Cannot we quote the same statement for the state of the faith, as different from religion or, worse still, natural religiosity, in our islands?

The Archbishop also spoke of the need for an evangelisation that responds to present-day realities. He lamented that the mentality of many Maltese Catholics is still tied to the ideas and practices of some 50 years ago.

He is very right. Many are still bound to the concept that you are a member of the Church if you attend Sunday Mass, go to confession and receive Holy Communion at fairly regular intervals and, maybe, recite the Rosary. All this is to be commended but does it make one a follower of Christ? Does it "Christianise" one in the proper meaning of the word?

The big challenge of the Church in Malta, and in any other country, for that matter, is to evangelise the faithful in the sense of making them conscious of their "Christianity" and the responsibilities arising from this fact. But is this message actually getting through?

Let us say that a substantial number of these "faithful" do not live up to their call and may have even renounced it. But there is also a group, running up to some 30,000 lay members of Church organisations, that forms a receptive audience. It is this group that has to be nurtured in order to participate actively in the "new" evangelisation process.

Archbishop Cremona spoke of this process when he said: "We have to propose a new model of being Church and the model which corresponds most to today's reality is the primitive Christian community as it is described in chapters two and four of the Acts of the Apostles and brought to life in the other writings of the New Testament. We have to compare the Church today to, and shape it on, that community".

The Archbishop's constant incursions into public life are obviously taken from this perspective; a Church that is open to all, that has shed a domineering position and is concentrated on placing Herself at the service of the community. Because it has to be said that Christ became man to serve man and the act of giving His life for the salvation of mankind was not, and is not, to be confined to man's spiritual welfare but was also meant to affirm the dignity of man, whoever he is, wherever he is, and all that this dignity entails in the spiritual, religious, political, occupational, social and familial contexts.

This is the message of Acts 2 and 4, a Church at the service of the community.
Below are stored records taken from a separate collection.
(* Let $p$ be an odd prime and $n$ an odd positive integer, and let $d=\frac{p^n+1}{p+1}$. Then the power function $F(x)=x^d$ on $\mathrm{GF}(p^n)$ is perfect $c$-nonlinear for $c=-1$.
   Context: For a function $F:\mathrm{GF}(p^n)\to\mathrm{GF}(p^n)$ and $a,b,c\in\mathrm{GF}(p^n)$, let ${}_c\Delta_F(a,b)=\#\{x\in\mathrm{GF}(p^n): F(x+a)-cF(x)=b\}$. The $c$-differential uniformity of $F$ is ${}_c\Delta_F=\max\{{}_c\Delta_F(a,b): a,b\in\mathrm{GF}(p^n),\ \text{and } a\neq 0 \text{ if } c=1\}$. $F$ is perfect $c$-nonlinear (P$c$N) if ${}_c\Delta_F=1$. *)

theory Defs
  imports Main "HOL-Computational_Algebra.Primes"
begin

text \<open>The finite field GF(p^n) is modelled as a type 'a of class field and finite
  with CARD('a) = p^n (such a field is unique up to isomorphism).\<close>

definition c_diff_count :: "('a::field \<Rightarrow> 'a) \<Rightarrow> 'a \<Rightarrow> 'a \<Rightarrow> 'a \<Rightarrow> nat" where
  "c_diff_count F c a b = card {x. F (x + a) - c * F x = b}"

definition c_diff_uniformity :: "('a::{field,finite} \<Rightarrow> 'a) \<Rightarrow> 'a \<Rightarrow> nat" where
  "c_diff_uniformity F c =
     Max {c_diff_count F c a b | a b. c = 1 \<longrightarrow> a \<noteq> 0}"

definition perfect_c_nonlinear :: "('a::{field,finite} \<Rightarrow> 'a) \<Rightarrow> 'a \<Rightarrow> bool" where
  "perfect_c_nonlinear F c \<longleftrightarrow> c_diff_uniformity F c = 1"

end

theory Submission
  imports Defs "HOL-Library.Cardinality" "HOL-Computational_Algebra.Polynomial"
    "HOL-Number_Theory.Residues"
begin

text \<open>
  For \<open>c = -1\<close> the count \<open>c_diff_count F (-1) a b\<close> is the number of solutions of
  \<open>(x + a)^d + x^d = b\<close>, so it suffices that every map \<open>x \<mapsto> (x + a)^d + x^d\<close> is injective.
  Scaling reduces this to \<open>a = 1\<close>, and since \<open>e = (q + p)/2\<close> inverts \<open>d\<close> modulo \<open>q - 1\<close>,
  the substitution \<open>y = -x^d/b\<close> reduces it further to the injectivity of
  \<open>G y = (y + 1)^e + y^e\<close>.

  Fix a nonsquare \<open>\<nu>\<close>. As \<open>(w^2)^e = w^(p+1)\<close> and \<open>(\<nu> w^2)^e = -\<nu>^((p+1)/2) w^(p+1)\<close>,
  writing \<open>y + 1\<close> and \<open>y\<close> as squares or \<open>\<nu>\<close> times squares expresses \<open>G y\<close> through
  \<open>p\<close>-th powers. If \<open>y + 1\<close> and \<open>y\<close> have the same quadratic character, then \<open>2 G y = U + V\<close>
  with \<open>U V = 1\<close> and \<open>U^d + V^d = 4y + 2\<close>. Otherwise \<open>G y\<close> is the rational part of
  \<open>z^p (a - b\<omega>)\<close> for some \<open>z = a + b\<omega>\<close> of norm \<open>\<pm>1\<close> in \<open>GF(q)(\<omega>)\<close>, \<open>\<omega>^2 = \<nu>\<close>, with
  \<open>a^2 + \<nu> b^2 = 2y + 1\<close>. Comparing two such representations of the same value (by Vieta,
  by the Frobenius map on \<open>GF(q)(\<omega>)\<close>, and by the non-squareness of \<open>\<nu>\<close>) shows that
  \<open>G y1 = G y2\<close> forces \<open>y1 = y2\<close>.
\<close>

lemma alternating_geometric_sum:
  fixes x :: "'a::comm_ring_1"
  assumes "odd n"
  shows "x ^ n + 1 = (x + 1) * (\<Sum>i<n. (- x) ^ i)"
proof -
  have "(- x) ^ n - 1 = (- x - 1) * (\<Sum>i<n. (- x) ^ i)"
    by (rule power_diff_1_eq)
  then show ?thesis
    using assms by (simp add: algebra_simps)
qed

lemma odd_sum_powers_iff:
  fixes x :: "'a::semiring_parity"
  assumes "odd x"
  shows "odd (\<Sum>i<n. x ^ i) \<longleftrightarrow> odd n"
  by (induction n) (use assms in auto)

lemma pred_mult_sum_powers:
  fixes x :: nat
  assumes "x \<ge> 1"
  shows "(x - 1) * (\<Sum>i<n. x ^ i) + 1 = x ^ n"
proof -
  have "int x ^ n - 1 = (int x - 1) * (\<Sum>i<n. int x ^ i)"
    by (rule power_diff_1_eq)
  then have "int ((x - 1) * (\<Sum>i<n. x ^ i) + 1) = int (x ^ n)"
    using assms by simp
  then show ?thesis
    by (simp only: of_nat_eq_iff)
qed

lemma power_odd_eq_if_square_eq_one:
  fixes c :: "'a::monoid_mult"
  assumes "c ^ 2 = 1" and "odd r"
  shows "c ^ r = c"
proof -
  obtain s where "r = 2 * s + 1"
    using assms(2) by (metis oddE)
  then show ?thesis
    using assms(1) by (simp add: power_mult)
qed

lemma reciprocal_pairs_eq:
  fixes U1 V1 U2 V2 :: "'a::field"
  assumes "U1 * V1 = 1" and "U2 * V2 = 1" and "U1 + V1 = U2 + V2"
  shows "U2 = U1 \<and> V2 = V1 \<or> U2 = V1 \<and> V2 = U1"
proof -
  have "(U2 - U1) * (U2 - V1) = U2 * U2 - U2 * (U1 + V1) + U1 * V1"
    by (simp add: algebra_simps)
  also have "\<dots> = U2 * U2 - U2 * (U2 + V2) + 1"
    using assms(1,3) by simp
  also have "\<dots> = 0"
    using assms(2) by (simp add: algebra_simps)
  finally have "U2 = U1 \<or> U2 = V1"
    by simp
  then show ?thesis
    using assms(3) by auto
qed

lemma eq_zero_or_minus_one_if_square:
  fixes y :: "'a::field"
  assumes "(2::'a) \<noteq> 0" and "(2 * y + 1) ^ 2 = 1"
  shows "y = 0 \<or> y = -1"
proof -
  have "4 * (y * (y + 1)) = 0"
    using assms(2) by (simp add: algebra_simps power2_eq_square)
  then have "y * (y + 1) = 0"
    using assms(1) by (metis mult_eq_0_iff numeral_Bit0_eq_double)
  then show ?thesis
    by (simp add: add_eq_0_iff2)
qed

section \<open>Finite fields of odd order\<close>

lemma power_card_minus_one_eq_one:
  fixes x :: "'a::{field,finite}"
  assumes "x \<noteq> 0"
  shows "x ^ (CARD('a) - 1) = 1"
proof -
  let ?U = "UNIV - {0::'a}"
  have "x ^ (CARD('a) - 1) * \<Prod>?U = (\<Prod>y\<in>?U. x * y)"
    by (simp add: prod.distrib card_Diff_singleton)
  also have "\<dots> = \<Prod>?U"
    by (rule prod.reindex_bij_witness[of _ "\<lambda>y. y / x" "\<lambda>y. x * y"]) (use assms in auto)
  finally show ?thesis
    by simp
qed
Which must be the reason why the Archbishop, during the pastoral visit opened this month, will be holding hour-long meetings with parish commissions engaged in what are popularly called "charitable activities" but which are actually fulfilling the deaconate role so prominent in the early Church.

I understand that he has already at hand detailed reports on the functioning of these and other commissions.

In this regenerative pastoral process emphasis has to be made on the "small ecclesial communities" John Paul II mentions in his Christifideles Laici, which are to act as bridges between individuals in the spirit of Christian brotherhood. In the Ecclesia in America, the Pope suggested that these would lead to the concept of a parish that is "a community of communities".

It is a phrase that was also used in the First Pastoral Plan for the Maltese Church in the 1980s but the actualisation of the concept never really got off the ground. And, yet, it is these several communities that can be guided into becoming the leaven of the community they live in. Their formation, based on the Word of God, has to bring out the joy of Christ triumphant on death and the failures of life. It has to exude love of one's neighbour and of one's enemy. It has to instil hope among so much that looks negative.

Archbishop Cremona's pastoral visit is a challenging exercise that could also lead to this revival.